Another big list with integrals involving Lambert's function Omega,$\pi$,$e$ and others constants... Hi I would like to create another big list always with Lambert's function , but this time with the constant Omega and pi (don't mind if there is others constants as $e$) .I have :
$$\int_{1}^{e} \frac{\operatorname{W(x)}^π}{x} dx = \frac{(-\operatorname{W(1)}^π (π \operatorname{W(1)} + 1 + π) + 1 + 2 π)}{(π (1 + π))}≈0.483124$$
Another one is :
$$\int_{1}^{e} \frac{\operatorname{W(x)}^π}{x^{\pi}} dx = \frac{(\operatorname{W(1)}^{(π - 1)} ((π - 1) \operatorname{W(1)} + π) + e^{(1 - π)} (1 - 2 π))}{(π - 1)^2}≈0.146618$$
As you can see the result must be sober (relatively) and elegant .

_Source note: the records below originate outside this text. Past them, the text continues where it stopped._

(* Assume $\tau_1+\tau_2=1$, parametrize $\tau_2=\frac12(1+\nu_1-\nu_2)$, $\tau_3=\nu_1\nu_2+\frac{(\alpha+\beta)(\nu_1+\nu_2-1)}{2}$, and assume $\alpha+\nu_1+\nu_2\notin\mathbb Z$. Set $\widetilde\alpha=-\alpha-\beta-\nu_1-\nu_2$, $\widetilde\beta=\beta$ and, for $n\ge0$, $\psi_n(x)=x^{\nu_2-1}\widehat P_n^{(\widetilde\alpha,\widetilde\beta)}(1/x)$ on $x\in(0,1)$. Then (i) $M\psi_n=\widetilde\lambda_n\psi_n$ with $\widetilde\lambda_n=n(n-1)+(2-\nu_1-\nu_2-\alpha)n+\tau_0+\nu_1\nu_2+\tfrac12(\alpha-1)(\nu_1+\nu_2-1)$; (ii) $L$ acts tridiagonally on $\{\psi_n\}$: for every $n\ge0$ there are constants $\xi_n,\eta_n,\zeta_n$ with $L\psi_n=\xi_n\psi_{n+1}+\eta_n\psi_n+\zeta_n\psi_{n-1}$ (where $\psi_{-1}:=0$).
   Context: $L=x(1-x)\partial_x^2+\big(\alpha+1-(\alpha+\beta+2)x\big)\partial_x$ with real $\alpha,\beta$, $X$ is multiplication by $x$, and $M=\tau_1XL+\tau_2LX+\tau_3X+\tau_0$ with real $\tau_i$. For parameters $a,b$ with $a+b\notin\mathbb Z$, the monic Jacobi polynomial is $\widehat P_n^{(a,b)}(t)=\frac{(-1)^n(a+1)_n}{(n+a+b+1)_n}{}_2F_1(-n,n+a+b+1;a+1;t)$, where $(c)_n=c(c+1)\cdots(c+n-1)$; it is the monic degree-$n$ eigenpolynomial of $t(1-t)\partial_t^2+(a+1-(a+b+2)t)\partial_t$ with eigenvalue $-n(n+a+b+1)$. *)

theory Defs
  imports "HOL-Analysis.Analysis"
begin
(* ATL and rCTL are incomparable in expressiveness: (i) there is an ATL formula $\psi$ such that for no rCTL formula $\chi$ and truth value $u\in\mathbb{B}_4$ does it hold that $\mathcal{S},s\models\psi\iff V_{rCTL}(s,\chi)\succeq u$ for all concurrent game structures $\mathcal{S}$ and states $s$ (with $V_{rCTL}$ evaluated in the underlying Kripke structure of $\mathcal{S}$); and (ii) there are an rCTL formula $\chi$ and a truth value $u\in\mathbb{B}_4$ such that for no ATL formula $\psi$ does it hold that $\mathcal{S}_\mathcal{K},s\models\psi\iff V_{rCTL}(s,\chi)\succeq u$ for all Kripke structures $\mathcal{K}$ and states $s$.
   Context: Fix a finite set $\mathrm{AP}$ of atomic propositions. A concurrent game structure (CGS) is a tuple $\mathcal{S}=(St,Ag,Ac,\delta,\ell)$ where $St$ is a finite set of states, $Ag$ a finite set of agents, $Ac$ a finite set of actions, $\ell:St\to 2^{\mathrm{AP}}$ a labeling, and $\delta:St\times AV\to St$ a transition function, where $AV$ is the set of action vectors for $Ag$ (an action vector for $A\subseteq Ag$ is a map $A\to Ac$). A state $s'$ is a successor of $s$ if $s'=\delta(s,v)$ for some $v\in AV$. A path is an infinite sequence $\pi=s_0s_1s_2\cdots$ of states with $s_{n+1}$ a successor of $s_n$ for all $n$; write $\pi[n]=s_n$. A strategy for an agent is a function $f:St^+\to Ac$. For $A\subseteq Ag$ and a set $F_A=\{f_a\mid a\in A\}$ of strategies, one for each agent in $A$, $out(s,F_A)$ is the set of paths $s_0s_1\cdots$ with $s_0=s$ such that for every $n\ge 0$ there is $v\in AV$ with $v(a)=f_a(s_0\cdots s_n)$ for all $a\in A$ and $s_{n+1}=\delta(s_n,v)$. $\mathbb{B}_4=\{1111,0111,0011,0001,0000\}$ is totally ordered by $1111\succ0111\succ0011\succ0001\succ0000$; for $b=b_1b_2b_3b_4\in\mathbb{B}_4$ and $k\in\{1,2,3,4\}$, $b[k]=b_k$; max and min on $\mathbb{B}_4$ refer to this order, and on bits to $0<1$. ATL formulas: state formulas $\varphi::=p\mid\neg\varphi\mid\varphi\vee\varphi\mid\varphi\wedge\varphi\mid\varphi\to\varphi\mid\langle\!\langle A\rangle\!\rangle\Phi\mid[\![A]\!]\Phi$ and path formulas $\Phi::=\bigcirc\varphi\mid\Diamond\varphi\mid\Box\varphi$, with the standard Boolean semantics: $\mathcal{S},s\models p$ iff $p\in\ell(s)$; Boolean connectives as usual; $\mathcal{S},s\models\langle\!\langle A\rangle\!\rangle\Phi$ iff there is a set $F_A$ of strategies (one per agent in $A$) with $\mathcal{S},\pi\models\Phi$ for all $\pi\in out(s,F_A)$; $\mathcal{S},s\models[\![A]\!]\Phi$ iff for every such $F_A$ some $\pi\in out(s,F_A)$ satisfies $\mathcal{S},\pi\models\Phi$; $\mathcal{S},\pi\models\bigcirc\varphi$ iff $\mathcal{S},\pi[1]\models\varphi$; $\mathcal{S},\pi\models\Diamond\varphi$ iff $\mathcal{S},\pi[i]\models\varphi$ for some $i\ge0$; $\mathcal{S},\pi\models\Box\varphi$ iff $\mathcal{S},\pi[i]\models\varphi$ for all $i\ge0$. A Kripke structure is $\mathcal{K}=(S,I,R,L)$ with finite state set $S$, initial states $I\subseteq S$, transition relation $R\subseteq S\times S$ such that every state has an $R$-successor, and labeling $L:S\to2^{\mathrm{AP}}$; a path is an infinite sequence $s_0s_1\cdots$ with $(s_i,s_{i+1})\in R$; $\mathit{paths}(s)$ is the set of paths starting in $s$. rCTL formulas: state formulas $\varphi::=p\mid\neg\varphi\mid\varphi\vee\varphi\mid\varphi\wedge\varphi\mid\varphi\to\varphi\mid\exists\Phi\mid\forall\Phi$, path formulas $\Phi::=\dot\bigcirc\varphi\mid\dot\Diamond\varphi\mid\dot\Box\varphi$. The valuation $V_{rCTL}$ into $\mathbb{B}_4$: $V_{rCTL}(s,p)=1111$ if $p\in L(s)$, else $0000$; $\vee,\wedge$ are max, min; $V_{rCTL}(s,\neg\varphi)=0000$ if $V_{rCTL}(s,\varphi)=1111$, else $1111$; $V_{rCTL}(s,\varphi_1\to\varphi_2)=1111$ if $V_{rCTL}(s,\varphi_1)\preceq V_{rCTL}(s,\varphi_2)$, else $V_{rCTL}(s,\varphi_2)$; $V_{rCTL}(s,\exists\Phi)=\max_{\pi\in\mathit{paths}(s)}V_{rCTL}(\pi,\Phi)$, $V_{rCTL}(s,\forall\Phi)=\min_{\pi\in\mathit{paths}(s)}V_{rCTL}(\pi,\Phi)$; $V_{rCTL}(\pi,\dot\bigcirc\varphi)=V_{rCTL}(\pi[1],\varphi)$; $V_{rCTL}(\pi,\dot\Diamond\varphi)[k]=\max_{i\ge0}V_{rCTL}(\pi[i],\varphi)[k]$; $V_{rCTL}(\pi,\dot\Box\varphi)=b_1b_2b_3b_4$ with $b_1=\min_{i}V_{rCTL}(\pi[i],\varphi)[1]$, $b_2=\max_{i}\min_{j\ge i}V_{rCTL}(\pi[j],\varphi)[2]$, $b_3=\min_{i}\max_{j\ge i}V_{rCTL}(\pi[j],\varphi)[3]$, $b_4=\max_{i}V_{rCTL}(\pi[i],\varphi)[4]$. The underlying Kripke structure of a CGS $\mathcal{S}$ has the same states and labeling, with $R=\{(s,s')\mid s'\text{ is a successor of }s\}$. The CGS associated with $\mathcal{K}$ is $\mathcal{S}_\mathcal{K}=(S,\{a\},S,\delta,L)$ with a single agent $a$, actions $S$, and $\delta(s,s')=s'$ if $(s,s')\in R$, and $\delta(s,s')=s''$ for some fixed $s''$ with $(s,s'')\in R$ otherwise. *)

theory Defs
  imports Main "HOL-Library.FuncSet"
begin

text \<open>States, agents and actions are natural numbers; a CGS is given by explicit
  finite carrier sets. The type parameter 'p is the (finite) set AP of atomic
  propositions.\<close>

record 'p cgs =
  cSt :: "nat set"
  cAg :: "nat set"
  cAc :: "nat set"
  cdelta :: "nat \<Rightarrow> (nat \<Rightarrow> nat) \<Rightarrow> nat"
  clab :: "nat \<Rightarrow> 'p set"

definition AV :: "'p cgs \<Rightarrow> (nat \<Rightarrow> nat) set" where
  "AV G = cAg G \<rightarrow>\<^sub>E cAc G"

definition cgs_wf :: "'p cgs \<Rightarrow> bool" where
  "cgs_wf G \<longleftrightarrow> finite (cSt G) \<and> finite (cAg G) \<and> finite (cAc G) \<and> cAc G \<noteq> {}
     \<and> (\<forall>s\<in>cSt G. \<forall>v\<in>AV G. cdelta G s v \<in> cSt G)"

definition is_succ :: "'p cgs \<Rightarrow> nat \<Rightarrow> nat \<Rightarrow> bool" where
  "is_succ G s s' \<longleftrightarrow> (\<exists>v\<in>AV G. s' = cdelta G s v)"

A last but not the least :
$$\int_{}^{} \frac{\operatorname{W(x)}^{π^n}}{x^{\pi^n}} dx =  -\frac{(x^{(1 - π^n)} \operatorname{W(x)}^{(π^n - 1)} ((π^n - 1) \operatorname{W(x)} + π^n))}{(π^n - 1)^2} + \operatorname{constant}$$
Where $n\geq 1$ is a natural number .
So if you want help me to achieve this it would be cool .
Thanks a lot .
 A: $\require{begingroup} \begingroup$
$\def\e{\mathrm{e}}\def\W{\operatorname{W}}\def\Wp{\operatorname{W_0}}\def\Wm{\operatorname{W_{-1}}}$
This pair is pretty nice:
\begin{align} 
\int_0^1 t^{-\Omega}\,(-\Wp(-t\,\Omega^{\frac1\Omega}))^\Omega \,\rm dt
&=
\frac{1-\Omega^{2-\frac 1\Omega}}{(1-\Omega)^2}
\approx 0.67067
,\\
\int_0^1 t^{\Omega}\,(-\Wm(-t\,\Omega^{\frac1\Omega}))^{-\Omega} \,\rm dt
&=
\frac 1{(1+\Omega)^2}
\approx 0.407176
.
\end{align}
\begin{align} 
\int_0^1 t^{-1/\Omega}\,(-\Wp(-t\,\Omega^{\frac1\Omega}))^{1/\Omega} \,\rm dt
&=
\frac{\Omega^2-\Omega^{(\Omega^2-\Omega+1)/\Omega^2}}
{(\Omega-1)^2}
\approx 0.305665869
,\\
\int_0^1 t^{1/\Omega}\,(-\Wm(-t\,\Omega^{\frac1\Omega}))^{-1/\Omega} \,\rm dt
&=
\frac{\Omega^2}{(\Omega+1)^2}
\approx 0.1309689
\end{align}
$\endgroup$
A: $\require{begingroup} \begingroup$
$\def\e{\mathrm{e}}\def\W{\operatorname{W}}\def\Wp{\operatorname{W_0}}\def\Wm{\operatorname{W_{-1}}}\def\Catalan{\mathsf{Catalan}}$
One more example, this time with the Catalan's constant:
\begin{align}
\int_0^{\Wp(\tfrac1\e)}
\frac{\sqrt{-\Wm(-t\exp(t))}-\sqrt{-\Wp(-t\exp(t))}}{2\sqrt{t}}
\, dt
&=\Catalan
\approx 0.9159655941772190
.
\end{align}
Or, in other somewhat elegant form,
\begin{align}
\int_0^1
\frac{\sqrt{-\Wm(-t/\e)}-
\sqrt{-\Wp(-t/\e)}}{
2t\left( 
\frac{\sqrt{\Wp(t/\e)}}1+\frac 1{\sqrt{\Wp(t/\e)}} 
\right)
}
\, dt
&=\Catalan
\end{align}
$\endgroup$